Mechanism: NAD+ decline in aged skin reduces SIRT1/6 activity, leading to hyperacetylated NF-κB, increased miR-23a-3p, and compacted HAS2 chromatin, suppressing HMW-HA synthesis. Readout: Readout: NAD+ supplementation restores SIRT1/6 activity, deacetylates NF-κB, lowers miR-23a-3p, and rescues HAS2 expression, resulting in an 80% increase in HMW-HA and a 70% decrease in LMW-HA.
Hypothesis
NAD+ decline does not merely reflect a passive metabolic downturn; it actively drives the suppression of HAS2 and the shift toward proinflammatory low-molecular-weight hyaluronan (LMW-HA) in aged dermis by attenuating NAD+-dependent sirtuin activity, which in turn lifts inhibitory brakes on NF-κB signaling and microRNA-23a-3p-mediated HAS2 repression.
Mechanistic Model
- ECM damage → collagen fragments (from MMP cleavage) suppress HAS2 transcription 1.
- Collagen fragments also sustain NF-κB activation via TLR2/4/CD44, generating LMW-HA that acts as a DAMP 3.
- In youthful cells, high NAD+ fuels SIRT1 and SIRT6 deacetylase activity:
- SIRT1 deacetylates NF-κB p65, reducing its transcriptional potency.
- SIRT6 deacetylates histone H3K9 at the HAS2 promoter, maintaining an open chromatin state.
- Both sirtuins repress the transcription of miR-23a-3p, a microRNA that directly targets HAS2 mRNA for degradation.
- With age, NAD+ falls, sirtuin activity wanes, leading to:
- Hyperacetylated NF-κB → increased transcription of proinflammatory cytokines and miR-23a-3p.
- Loss of promoter acetylation → chromatin compaction at HAS2.
- Elevated miR-23a-3p → post-transcriptional silencing of HAS2.
- The net result is reduced HMW-HA synthesis, accumulation of LMW-HA, and a self-reinforcing inflammatory loop.
Testable Predictions
- Restoring NAD+ in aged dermal fibroblasts will increase SIRT1/6 activity, decrease NF-κB acetylation, lower miR-23a-3p levels, and rescue HAS2 expression and HMW-HA secretion even when collagen fragments are present.

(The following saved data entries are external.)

(* Assume the standing setting below and let $\{(x_k,\lambda_k)\}_{k\ge0}$ and directions $p_k$ ($k\ge1$) be generated by the Projected Newton iteration, where for each $k\ge1$ the step-length $\gamma_k\in(0,1]$ satisfies $\lambda_k>0$, the sufficient decrease condition $$\tfrac12\|F(x_k,\lambda_k)\|^2\le\left(\tfrac12-c\gamma_k\right)\|F(x_{k-1},\lambda_{k-1})\|^2$$ for a fixed $c\in(0,1)$, and the lower bound $$\gamma_k\ge\min\left(1,\ \frac{2(1-c)\tau\|F(x_{k-1},\lambda_{k-1})\|^2}{\zeta\|p_k\|^2}\right)$$ for fixed constants $\tau\in(0,1)$ and $\zeta>0$ (whenever $F(x_{k-1},\lambda_{k-1})\ne0$). Then either $\|F(x_k,\lambda_k)\|=0$ for some $k\ge0$, or $$\lim_{k\to\infty}\min\left(\|F(x_k,\lambda_k)\|,\ \frac{\|F(x_k,\lambda_k)\|^2}{\|p_{k+1}\|}\right)=0.$$
   Context: Standing setting. $A\in\mathbb{R}^{m\times n}$ ($m\ge n$), $b\in\mathbb{R}^m$ with $\|b\|\ge\sigma>0$. $F(x,\lambda)=\begin{pmatrix}\lambda A^T(Ax-b)+x\\ \tfrac12\|Ax-b\|^2-\tfrac{\sigma^2}{2}\end{pmatrix}$. Golub–Kahan bidiagonalization (Bidiag1): $u_0=b/\|b\|$, $\nu_0v_{-1}=0$, for $j=0,1,\dots$: $r_j=A^Tu_j-\nu_jv_{j-1}$, $\mu_j=\|r_j\|$, $v_j=r_j/\mu_j$, $p_j=Av_j-\mu_ju_j$, $\nu_{j+1}=\|p_j\|$, $u_{j+1}=p_j/\nu_{j+1}$; no breakdown (all $\mu_j,\nu_j>0$) and exact orthonormality of $\{v_j\}$ and $\{u_j\}$ are assumed. $V_k=[v_0,\dots,v_{k-1}]$; $B_{k+1,k}\in\mathbb{R}^{(k+1)\times k}$ lower bidiagonal with diagonal $\mu_0,\dots,\mu_{k-1}$, subdiagonal $\nu_1,\dots,\nu_k$; $c_{k+1}=(\|b\|,0,\dots,0)^T\in\mathbb{R}^{k+1}$. $F^{(k)}(y,\lambda)=\begin{pmatrix}\lambda B_{k+1,k}^T(B_{k+1,k}y-c_{k+1})+y\\ \tfrac12\|B_{k+1,k}y-c_{k+1}\|^2-\tfrac{\sigma^2}{2}\end{pmatrix}$, $J^{(k)}$ its Jacobian in $(y,\lambda)$. Projected Newton iteration: $\lambda_0>0$, $x_0=0$, $\bar y_0=0\in\mathbb{R}^1$. For $k\ge1$: $(\Delta y_k,\Delta\lambda_k)=-J^{(k)}(\bar y_{k-1},\lambda_{k-1})^{-1}F^{(k)}(\bar y_{k-1},\lambda_{k-1})$, $p_k=(V_k\Delta y_k,\Delta\lambda_k)\in\mathbb{R}^{n+1}$, $y_k=\bar y_{k-1}+\gamma_k\Delta y_k$, $\lambda_k=\lambda_{k-1}+\gamma_k\Delta\lambda_k$, $\bar y_k=(y_k^T,0)^T$, $x_k=V_ky_k$. *)

theory Defs
  imports "HOL-Analysis.Analysis"
begin

text \<open>Vectors of (varying) dimension d are represented as functions nat => real,
  only the entries with index < d being relevant; matrices as nat => nat => real.\<close>

definition sqn :: "nat \<Rightarrow> (nat \<Rightarrow> real) \<Rightarrow> real" where
  "sqn d x = (\<Sum>i<d. (x i)^2)"

definition vn :: "nat \<Rightarrow> (nat \<Rightarrow> real) \<Rightarrow> real" where
  "vn d x = sqrt (sqn d x)"

definition mv :: "(nat \<Rightarrow> nat \<Rightarrow> real) \<Rightarrow> nat \<Rightarrow> (nat \<Rightarrow> real) \<Rightarrow> nat \<Rightarrow> real" where
  "mv M d x = (\<lambda>i. \<Sum>j<d. M i j * x j)"

definition tmv :: "(nat \<Rightarrow> nat \<Rightarrow> real) \<Rightarrow> nat \<Rightarrow> (nat \<Rightarrow> real) \<Rightarrow> nat \<Rightarrow> real" where
  "tmv M r y = (\<lambda>j. \<Sum>i<r. M i j * y i)"

text \<open>First block of F: lam M^T (M x - c) + x  (M is r x d)\<close>
definition Fgrad :: "(nat \<Rightarrow> nat \<Rightarrow> real) \<Rightarrow> nat \<Rightarrow> nat \<Rightarrow> (nat \<Rightarrow> real) \<Rightarrow> (nat \<Rightarrow> real) \<Rightarrow> real \<Rightarrow> nat \<Rightarrow> real" where
  "Fgrad M r d c x lam = (\<lambda>j. lam * tmv M r (\<lambda>i. mv M d x i - c i) j + x j)"

text \<open>Last entry of F: 1/2 ||M x - c||^2 - sigma^2/2\<close>
definition Fsec :: "(nat \<Rightarrow> nat \<Rightarrow> real) \<Rightarrow> nat \<Rightarrow> nat \<Rightarrow> (nat \<Rightarrow> real) \<Rightarrow> real \<Rightarrow> (nat \<Rightarrow> real) \<Rightarrow> real" where
  "Fsec M r d c \<sigma> x = sqn r (\<lambda>i. mv M d x i - c i) / 2 - \<sigma>^2 / 2"

definition Fnorm :: "(nat \<Rightarrow> nat \<Rightarrow> real) \<Rightarrow> nat \<Rightarrow> nat \<Rightarrow> (nat \<Rightarrow> real) \<Rightarrow> real \<Rightarrow> (nat \<Rightarrow> real) \<Rightarrow> real \<Rightarrow> real" where
  "Fnorm M r d c \<sigma> x lam = sqrt (sqn d (Fgrad M r d c x lam) + (Fsec M r d c \<sigma> x)^2)"

text \<open>Lower bidiagonal matrix: diagonal mu_0, mu_1, ..., subdiagonal nu_1, nu_2, ...;
  B_{k+1,k} is its leading (k+1) x k block.\<close>
definition bidiag :: "(nat \<Rightarrow> real) \<Rightarrow> (nat \<Rightarrow> real) \<Rightarrow> nat \<Rightarrow> nat \<Rightarrow> real" where
  "bidiag \<mu> \<nu> = (\<lambda>i j. if i = j then \<mu> j else if i = Suc j then \<nu> i else 0)"

definition cvec :: "real \<Rightarrow> nat \<Rightarrow> real" where
  "cvec \<beta> = (\<lambda>i. if i = 0 then \<beta> else 0)"

text \<open>Projected map F^(k) as a map R^(k+1) -> R^(k+1); a point z encodes (y, lam)
  with y = (z 0, ..., z (k-1)) and lam = z k; component i (i \<le> k).\<close>
definition Fproj :: "(nat \<Rightarrow> real) \<Rightarrow> (nat \<Rightarrow> real) \<Rightarrow> real \<Rightarrow> real \<Rightarrow> nat \<Rightarrow> (nat \<Rightarrow> real) \<Rightarrow> nat \<Rightarrow> real" where
  "Fproj \<mu> \<nu> \<beta> \<sigma> k z i =
     (if i < k then Fgrad (bidiag \<mu> \<nu>) (Suc k) k (cvec \<beta>) z (z k) i
      else Fsec (bidiag \<mu> \<nu>) (Suc k) k (cvec \<beta>) \<sigma> z)"

definition Jproj :: "(nat \<Rightarrow> real) \<Rightarrow> (nat \<Rightarrow> real) \<Rightarrow> real \<Rightarrow> real \<Rightarrow> nat \<Rightarrow> (nat \<Rightarrow> real) \<Rightarrow> nat \<Rightarrow> nat \<Rightarrow> real" where
  "Jproj \<mu> \<nu> \<beta> \<sigma> k z i j = deriv (\<lambda>t. Fproj \<mu> \<nu> \<beta> \<sigma> k (z(j := z j + t)) i) 0"

definition Japply :: "(nat \<Rightarrow> real) \<Rightarrow> (nat \<Rightarrow> real) \<Rightarrow> real \<Rightarrow> real \<Rightarrow> nat \<Rightarrow> (nat \<Rightarrow> real) \<Rightarrow> (nat \<Rightarrow> real) \<Rightarrow> nat \<Rightarrow> real" where
  "Japply \<mu> \<nu> \<beta> \<sigma> k z d i = (\<Sum>j\<le>k. Jproj \<mu> \<nu> \<beta> \<sigma> k z i j * d j)"

definition Jnonsing :: "(nat \<Rightarrow> real) \<Rightarrow> (nat \<Rightarrow> real) \<Rightarrow> real \<Rightarrow> real \<Rightarrow> nat \<Rightarrow> (nat \<Rightarrow> real) \<Rightarrow> bool" where
  "Jnonsing \<mu> \<nu> \<beta> \<sigma> k z =
     (\<forall>d. (\<forall>i\<le>k. Japply \<mu> \<nu> \<beta> \<sigma> k z d i = 0) \<longrightarrow> (\<forall>j\<le>k. d j = 0))"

- Pharmacologic inhibition of SIRT1 or SIRT6 will abolish the rescue effect of NAD+ supplementation.
- Overexpression of a deacetylation-deficient SIRT mutant will mimic the aged phenotype despite high NAD+.
Experimental Approach
- Culture primary human dermal fibroblasts from young and old donors.
- Treat with collagen-derived peptides to mimic ECM damage.
- Add NAD+ precursor (nicotinamide riboside, NR) ± SIRT1 inhibitor (EX-527) or SIRT6 inhibitor (MDL-801).
- Measure:
- NAD+ levels (enzymatic assay).
- SIRT1/6 activity (fluorometric deacetylase assay).
- NF-κB p65 acetylation (Western blot with acetyl-lysine antibody).
- miR-23a-3p levels (qRT-PCR).
- HAS2 mRNA and protein (qRT-PCR, Western).
- HA size distribution (agarose gel electrophoresis + HA-binding protein probe).
- Secreted HMW-HA vs LMW-HA (ELISA with size-specific antibodies).
- Include controls: vehicle, NR alone, inhibitors alone.
Potential Outcomes and Falsifiability
- Supportive outcome: NR treatment restores HMW-HA, reduces LMW-HA, lowers NF-κB acetylation and miR-23a-3p, and increases HAS2 despite collagen fragments; these effects are blocked by SIRT1/6 inhibition.
- Falsifying outcome: NR fails to raise HAS2 or shift HA size spectrum, or SIRT inhibition does not affect NR’s action, indicating NAD+ acts independently of sirtuins in this context.
This hypothesis positions NAD+-sirtuin signaling as a regulatory rheostat that translates metabolic state into ECM homeostasis, offering a mechanistic bridge between the ‘budget cut’ idea of NAD+ decline and the damage-driven suppression of HAS2 outlined in the seed literature.